What would it look like if such a model produces code or, more generally, uses any skill that entails using a domain specific language? I guess in the case of programming even keywords like “if” could be translated into Sumerian, but I can imagine that there are tasks that you cannot obfuscate this way. For example, the model might do math by outputting only strings of mathematical notation.
Also, it seems likely that frontier models will all be multi-modal, so they will have other forms of communication that don’t require language anyway. I suppose for image generating models, you could train the frontier model to apply an obfuscating filter and have the reporter restore the image iff it is relevant to medical research.
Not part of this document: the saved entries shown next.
end

lemma PSP_minimax_given_W:
  fixes X :: "real^'t^'n" and W :: "real^'n^'k"
  shows "let v = trace ((- (3 / real CARD('t) powr (2/3))) *\<^sub>R
                          psd_powr (W ** X ** transpose X ** transpose W) (2/3)
                       + 2 *\<^sub>R (W ** transpose W))
        in (SUP M :: real^'k^'k. INF Y :: real^'t^'k. ereal (L_PSP X W M Y)) = ereal v
           \<and> (INF Y :: real^'t^'k. SUP M :: real^'k^'k. ereal (L_PSP X W M Y)) = ereal v"
proof -
  define t where "t = real CARD('t)"
  have t: "0 < t" by (simp add: t_def)
  have C: "W ** X ** transpose X ** transpose W = (W ** X) ** transpose (W ** X)"
    by (simp add: matrix_transpose_mul matrix_mul_assoc)
  obtain U d where U: "orthogonal_matrix U" and d: "\<forall>i. 0 \<le> d $ i"
    and gram_d: "(W ** X) ** transpose (W ** X) = U ** diag_mat d ** transpose U"
    and pow: "psd_powr ((W ** X) ** transpose (W ** X)) (2/3) = U ** diag_mat (\<chi> i. d $ i powr (2/3)) ** transpose U"
    by (rule psd_powr_gram_matrix)
  define r where "r = (\<chi> j. (d $ j / t) powr (1/3))"
  have r_nonneg: "0 \<le> r $ j" for j by (simp add: r_def)
  have "d = (\<chi> j. t * r $ j ^ 3)"
    using d t by (simp add: vec_eq_iff r_def cube_powr_one_third)
  with gram_d have gram: "(W ** X) ** transpose (W ** X) = U ** diag_mat (\<chi> j. t * r $ j ^ 3) ** transpose U"
    by simp
  have r_sq: "(r $ j)\<^sup>2 = d $ j powr (2/3) / t powr (2/3)" for j
    using d t by (simp add: r_def powr_numeral[symmetric] powr_powr powr_divide)
  have "trace ((- (3 / t powr (2/3))) *\<^sub>R psd_powr (W ** X ** transpose X ** transpose W) (2/3)
      + 2 *\<^sub>R (W ** transpose W)) = 2 * (W \<bullet> W) - 3 * (\<Sum>j\<in>UNIV. (r $ j)\<^sup>2)"
    by (simp add: C pow trace_add trace_sub trace_scaleR trace_orthogonal_conj_diag[OF U] r_sq
        trace_mul_sym[of W] trace_transpose_mult flip: sum_divide_distrib)
  with PSP_INF_SUP_le[OF U r_nonneg gram[unfolded t_def]] PSP_SUP_INF_ge[OF U r_nonneg gram[unfolded t_def]]
    SUP_INF_le_INF_SUP[of "\<lambda>M Y. ereal (L_PSP X W M Y)"]
  show ?thesis by (simp add: Let_def t_def) (meson antisym order_trans)
qed

theorem mainTheorem6:
  fixes X :: "real^'t^'n"
  assumes "CARD('k) \<le> CARD('n)"
  shows
   "(\<forall>Y :: real^'t^'k.
       (let v = (1 / real CARD('t)^2) * (frob_norm (transpose X ** X - transpose Y ** Y))^2
                - (1 / real CARD('t)^2) * (frob_norm (transpose X ** X))^2;
            W0 = (1 / real CARD('t)) *\<^sub>R (Y ** transpose X);
            M0 = (1 / real CARD('t)) *\<^sub>R (Y ** transpose Y)
        in (INF W :: real^'n^'k. SUP M :: real^'k^'k. ereal (L_PSP X W M Y)) = ereal v
           \<and> (SUP M :: real^'k^'k. ereal (L_PSP X W0 M Y)) = ereal v
           \<and> L_PSP X W0 M0 Y = v))
    \<and>
    (\<forall>W :: real^'n^'k.
       (let v = trace ((- (3 / real CARD('t) powr (2/3))) *\<^sub>R
                          psd_powr (W ** X ** transpose X ** transpose W) (2/3)
                       + 2 *\<^sub>R (W ** transpose W))
        in (SUP M :: real^'k^'k. INF Y :: real^'t^'k. ereal (L_PSP X W M Y)) = ereal v
           \<and> (INF Y :: real^'t^'k. SUP M :: real^'k^'k. ereal (L_PSP X W M Y)) = ereal v))"
  by (intro conjI allI PSP_minimax_given_Y PSP_minimax_given_W)

end
lemma hat_nonneg: "0 \<le> hat s" and hat_le_one: "hat s \<le> 1"
  unfolding hat_def by auto

lemma hat_of_int_diff: "hat (real i - real j) = (if i = j then 1 else 0)"
proof (cases "i = j")
  case False
  then have "1 \<le> \<bar>real i - real j\<bar>" by (cases "i < j") auto
  then show ?thesis using False unfolding hat_def by simp
qed (simp add: hat_def)

text \<open>Coordinates 1..N are embedded into the Banach space of bounded continuous functions on the
  real line as the piecewise linear interpolant with nodes at the integers.\<close>

definition interpolant :: "nat \<Rightarrow> (nat \<Rightarrow> real) \<Rightarrow> (real \<Rightarrow>\<^sub>C real)" where
  "interpolant N x = Bcontfun (\<lambda>s. \<Sum>j\<in>{1..N}. x j * hat (s - real j))"

lemma apply_interpolant: "apply_bcontfun (interpolant N x) s = (\<Sum>j\<in>{1..N}. x j * hat (s - real j))"
proof -
  have "(\<lambda>s. \<Sum>j\<in>{1..N}. x j * hat (s - real j)) \<in> bcontfun"
  proof (rule bcontfun_normI)
    show "continuous_on UNIV (\<lambda>s. \<Sum>j\<in>{1..N}. x j * hat (s - real j))"
      unfolding hat_def by (intro continuous_intros)
    fix s
    have "\<bar>\<Sum>j\<in>{1..N}. x j * hat (s - real j)\<bar> \<le> (\<Sum>j\<in>{1..N}. \<bar>x j * hat (s - real j)\<bar>)"
      by (rule sum_abs)
    also have "\<dots> \<le> (\<Sum>j\<in>{1..N}. \<bar>x j\<bar>)"
      by (intro sum_mono) (simp add: abs_mult hat_nonneg hat_le_one mult_left_le)
    finally show "norm (\<Sum>j\<in>{1..N}. x j * hat (s - real j)) \<le> (\<Sum>j\<in>{1..N}. \<bar>x j\<bar>)" by simp
  qed
  then show ?thesis unfolding interpolant_def by (simp add: Bcontfun_inverse)
qed

lemma apply_interpolant_of_nat:
  "apply_bcontfun (interpolant N x) (real i) = (if i \<in> {1..N} then x i else 0)"
  by (simp add: apply_interpolant hat_of_int_diff if_distrib sum.delta' cong: if_cong)

lemma norm_interpolant_diff_le:
  assumes "\<forall>j\<in>{1..N}. \<bar>x j - y j\<bar> \<le> D"
  shows "norm (interpolant N x - interpolant N y) \<le> real N * D"
proof (rule norm_bound)
  fix s
  have "\<bar>\<Sum>j\<in>{1..N}. (x j - y j) * hat (s - real j)\<bar> \<le> (\<Sum>j\<in>{1..N}. \<bar>(x j - y j) * hat (s - real j)\<bar>)"
    by (rule sum_abs)
  also have "\<dots> \<le> (\<Sum>j\<in>{1..N}. D)"
  proof (rule sum_mono)
    fix j assume "j \<in> {1..N}"
    then have "\<bar>x j - y j\<bar> * hat (s - real j) \<le> D"
      using assms hat_nonneg hat_le_one by (meson abs_ge_zero mult_left_le order_trans)
    then show "\<bar>(x j - y j) * hat (s - real j)\<bar> \<le> D"
      by (simp add: abs_mult hat_nonneg)
  qed
  finally show "norm (apply_bcontfun (interpolant N x - interpolant N y) s) \<le> real N * D"
    by (simp add: apply_interpolant sum_subtractf[symmetric] left_diff_distrib)
qed

lemma has_real_derivative_apply_bcontfun:
  fixes y :: "real \<Rightarrow> ('a::topological_space \<Rightarrow>\<^sub>C real)"
  assumes "(y has_vector_derivative v) (at t within S)"
  shows "((\<lambda>s. apply_bcontfun (y s) i) has_real_derivative apply_bcontfun v i) (at t within S)"
proof -
  have "bounded_linear (\<lambda>u::'a \<Rightarrow>\<^sub>C real. apply_bcontfun u i)"
    by (rule bounded_linear_intro[where K=1]) (simp_all, metis norm_bounded real_norm_def)
  from bounded_linear.has_vector_derivative[OF this assms] show ?thesis
    by (simp add: has_real_derivative_iff_has_vector_derivative)
qed

definition lipschitz_system :: "nat \<Rightarrow> real \<Rightarrow> ((nat \<Rightarrow> real) \<Rightarrow> nat \<Rightarrow> real) \<Rightarrow> bool" where
  "lipschitz_system N L F \<longleftrightarrow> 0 \<le> L \<and>
     (\<forall>x y D i. i \<in> {1..N} \<longrightarrow> (\<forall>j\<in>{1..N}. \<bar>x j - y j\<bar> \<le> D) \<longrightarrow> \<bar>F x i - F y i\<bar> \<le> L * D)"

definition solves_system ::
  "nat \<Rightarrow> ((nat \<Rightarrow> real) \<Rightarrow> nat \<Rightarrow> real) \<Rightarrow> real set \<Rightarrow> (real \<Rightarrow> nat \<Rightarrow> real) \<Rightarrow> bool" where
  "solves_system N F S x \<longleftrightarrow>
     (\<forall>t\<in>S. \<forall>i\<in>{1..N}. ((\<lambda>s. x s i) has_real_derivative F (x t) i) (at t within S))"

lemma solves_system_subset:
  "solves_system N F S x \<Longrightarrow> S' \<subseteq> S \<Longrightarrow> solves_system N F S' x"
  unfolding solves_system_def by (meson DERIV_subset subsetD)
Maybe my biggest concern is that I’m not convinced that we will be safe from manipulation by restricting the model’s communication to being only about e.g. medical research. I don’t have a precise story for how, but it seems plausible that a misaligned models could output instructions for medical research, which also have side-effects that work towards the model’s secret goal.
Nitpicks aside, I like the idea of adding a safety layer by preventing the model to communicate directly with humans! And my concerns feel like technical issues that could easily be worked out given enough resources.
Thank you for this post. It looks like the people at Anthropic have put a lot of thought into this which is good to see.
You mention that there are often surprising qualitative differences between larger and smaller models. How seriously is Anthropic considering a scenario where there is a sudden jump in certain dangerous capabilities (in particular deception) at some level of model intelligence? Does it seem plausible that it might not be possible to foresee this jump from experiments on even slighter weaker models?